I must establish the concept of communicational resistance at Macroinformation [see Information].



Robert Anton Wilson, of Illuminatus! fame, has an absolutely delicious point to make about communication, which I will paraphrase until I locate and paste the actual statement. He says that communication is possible only among equals. (If that were strictly true, there could be no communication at all.) If I’m holding a gun (even if my gun is concealed in a silo), I can get you to cringe, perhaps to grovel - maybe you’ll rebel and attack me - but there can be no honest communication between us.
(Ah: now I see: I’d already made the point in my own way under Understanding.)


How well can the occupied French communicate with the occupying Nazis? The problems don’t end with the French speaking French while the Nazis speak German.
How well could the Dachau concentrated communicate with their concentrators? Could they even communicate that they were human?
How well can the Cheyenne on the Trail of Tears communicate with soldiers driving them on to their destruction?
How well can the Chicago protesters communicate with Daly’s cops? or with the Democratic conventioneers? How well with the silent majority?
How civilly could the cultivated Pope discuss theology with the rabid atheist? How about a cultured atheist and a rabid pope? How civilly could a cultivated Pope discuss theology with a cultivated atheist? Would the pope go to the atheist’s coffee shop? How could the atheist get into the Vatican?
How well could an M theorist discuss meta-dimensions with the cosmologist who gave us the turtle holding up Atlas?
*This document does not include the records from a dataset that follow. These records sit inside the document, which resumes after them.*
lemma commute_if_word_pow_eq:
  assumes x: "x \<noteq> []" and y: "y \<noteq> []" and eq: "word_pow x j = word_pow y k" and j: "j > 0"
  shows "x @ y = y @ x"
proof -
  define L where "L = j * length x"
  have L: "L = k * length y"
    using arg_cong[OF eq, of length] by (simp add: L_def)
  have L_pos: "L > 0"
    using x j by (simp add: L_def)
  have period: "x ! (i mod length x) = y ! (i mod length y)" for i
  proof -
    have "x ! (i mod length x) = word_pow x j ! (i mod L)"
      using L_pos by (simp add: nth_word_pow L_def mod_mod_cancel)
    also have "\<dots> = y ! (i mod length y)"
      using L L_pos by (simp add: eq nth_word_pow mod_mod_cancel)
    finally show ?thesis .
  qed
  have "(x @ y) ! i = x ! (i mod length x)" if "i < length x + length y" for i
  proof (cases "i < length x")
    case False
    then have "(x @ y) ! i = x ! ((i - length x) mod length x)"
      using that by (simp add: nth_append period)
    then show ?thesis
      using False by (simp add: le_mod_geq)
  qed (simp add: nth_append)
  moreover have "(y @ x) ! i = x ! (i mod length x)" if "i < length x + length y" for i
  proof (cases "i < length y")
    case False
    then have "(y @ x) ! i = y ! ((i - length y) mod length y)"
      using that period[of "i - length y"] by (simp add: nth_append)
    then show ?thesis
      using False by (simp add: le_mod_geq period)
  qed (simp add: nth_append period)
  ultimately have "(x @ y) ! i = (y @ x) ! i" if "i < length x + length y" for i
    using that by simp
  then show ?thesis
    by (intro nth_equalityI) auto
qed

lemma append_commute_trans:
  assumes "x @ y = y @ x" "y @ z = z @ y" "y \<noteq> []"
  shows "x @ z = z @ x"
proof (cases "x = [] \<or> z = []")
  case False
  have "word_pow x (length y * length z) = word_pow y (length x * length z)"
    by (simp add: word_pow_mult word_pow_length_eq_if_commute[OF assms(1)])
  also have "\<dots> = word_pow z (length y * length x)"
    by (simp add: mult.commute[of "length x"] word_pow_mult word_pow_length_eq_if_commute[OF assms(2)])
  finally show ?thesis
    using False assms(3) by (intro commute_if_word_pow_eq) auto
qed auto

definition commute :: "'a::group_add \<Rightarrow> 'a \<Rightarrow> bool" where
  "commute x y \<longleftrightarrow> x + y = y + x"

lemma commute_sym: "commute x y \<Longrightarrow> commute y x"
  by (simp add: commute_def)

lemma commute_conj_iff: "commute (- u + x + u) (- u + y + u) \<longleftrightarrow> commute x y"
proof -
  have "(- u + x + u) + (- u + y + u) = - u + (x + y) + u"
    and "(- u + y + u) + (- u + x + u) = - u + (y + x) + u"
    by (simp_all add: add.assoc)
  then show ?thesis
    by (simp only: commute_def add_right_cancel add_left_cancel)
qed

lemma commute_uminus_left_iff: "commute (- x) y \<longleftrightarrow> commute x y"
  unfolding commute_def
proof
  assume "- x + y = y + - x"
  then have "x + (- x + y) + x = x + (y + - x) + x"
    by simp
  then show "x + y = y + x"
    by (simp add: add.assoc)
next
  assume "x + y = y + x"
  then have "- x + (x + y) + - x = - x + (y + x) + - x"
    by simp
  then show "- x + y = y + - x"
    by (simp add: add.assoc del: add_uminus_conv_diff)
qed

definition cyclically_reduced :: "('a \<times> bool) list \<Rightarrow> bool" where
  "cyclically_reduced t \<longleftrightarrow> reduced t \<and> t \<noteq> [] \<and> hd t \<noteq> inv_letter (last t)"

lemma reduced_eq_conj_cyclically_reduced:
  "reduced b \<Longrightarrow> b \<noteq> [] \<Longrightarrow> \<exists>u t. b = u @ t @ inv_word u \<and> cyclically_reduced t"
proof (induct "length b" arbitrary: b rule: less_induct)
  case less
  show ?case
  proof (cases "hd b = inv_letter (last b)")
    case False
    then show ?thesis
      using less.prems by (intro exI[of _ "[]"] exI[of _ b]) (auto simp: cyclically_reduced_def)
  next
    case True
    obtain x b1 where b1: "b = x # b1"
      using less.prems by (cases b) auto
    then have "b1 \<noteq> []"
      using True by auto
    then obtain b' y where b: "b = x # b' @ [y]"
      using b1 by (cases b1 rule: rev_cases) auto
    have y: "y = inv_letter x"
      using True b by simp
    have "reduced (b' @ [y])"
      using less.prems(1) b by (auto dest: reduced_tl)
    then have "reduced b'"
      by (simp add: reduced_append)
    moreover have "b' \<noteq> []"
      using less.prems(1) b y by auto
    ultimately
    obtain u t where "b' = u @ t @ inv_word u" "cyclically_reduced t"
      using less.hyps[of b'] b by auto
    then show ?thesis
      using b y by (intro exI[of _ "x # u"] exI[of _ t]) (simp add: inv_word_Cons)
  qed
qed

text \<open>One of the products a t and a\<inverse> t of reduced words involves no cancellation at all;
  equal lengths of the reduced forms of a t and t a then force both sides to be cancellation-free.\<close>
lemma commute_cyclically_reduced_words:
  assumes t: "cyclically_reduced t" and a: "reduced a"
    and c: "commute (Abs_free_group a) (Abs_free_group t)"
  shows "a @ t = t @ a \<or> inv_word a @ t = t @ inv_word a"
proof -
  have t': "reduced t" "t \<noteq> []" "hd t \<noteq> inv_letter (last t)"
    using t by (simp_all add: cyclically_reduced_def)
  have eq: "reduce (a @ t) = reduce (t @ a)"
    using c t' a by (simp add: commute_def Abs_free_group_plus Abs_free_group_inject reduced_reduce)
  have same_length: "length (reduce (a @ t)) = length (reduce (t @ a))"
    using eq by simp
  have at: "reduced (a @ t) \<longleftrightarrow> a = [] \<or> hd t \<noteq> inv_letter (last a)"
    and ta: "reduced (t @ a) \<longleftrightarrow> a = [] \<or> hd a \<noteq> inv_letter (last t)"
    using t' a by (auto simp: reduced_append)
  show ?thesis
  proof (cases "reduced (a @ t)")
    case True
    then have "reduced (t @ a)"
      using same_length length_reduce_less[of "t @ a"] by (auto simp: reduce_reduced)
    then show ?thesis
      using True eq by (simp add: reduce_reduced)
  next
    case False
    then have "\<not> reduced (t @ a)"
      using same_length length_reduce_less[of "a @ t"] by (auto simp: reduce_reduced)
    then have "reduced (inv_word a @ t)" "reduced (t @ inv_word a)"
      using False at ta t' a
      by (auto simp: reduced_append reduced_inv_word hd_inv_word last_inv_word)
    moreover have "commute (Abs_free_group (inv_word a)) (Abs_free_group t)"
      using c a by (simp add: commute_uminus_left_iff flip: Abs_free_group_uminus)
    then have "reduce (inv_word a @ t) = reduce (t @ inv_word a)"
      using t' a by (simp add: commute_def Abs_free_group_plus Abs_free_group_inject reduced_reduce
          reduced_inv_word)
    ultimately show ?thesis
      by (simp add: reduce_reduced)
  qed
qed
I just separated this file from the parent. I’ll try to apportion some of this to independent titles in this subfolder.



The protagonist of JM Coetzee’s Disgrace finds the handbook for the Communications 101 course he unhappily teaches preposterous: Human society has created language in order that we may communicate our thoughts, feelings an dintentions to each other. [Christmas! shades of Jacques Barzun.] "His own opinion, which he does not air, is the the origins of speech lie in song, and the origins of song in the need to fill out with sound the overlarge and rather empty human soul."
I like that last part very well. Still, it’s nothing compared with my own views: or with the views of current gender evolution theory as per Geoffrey Miller in The Mating Mind.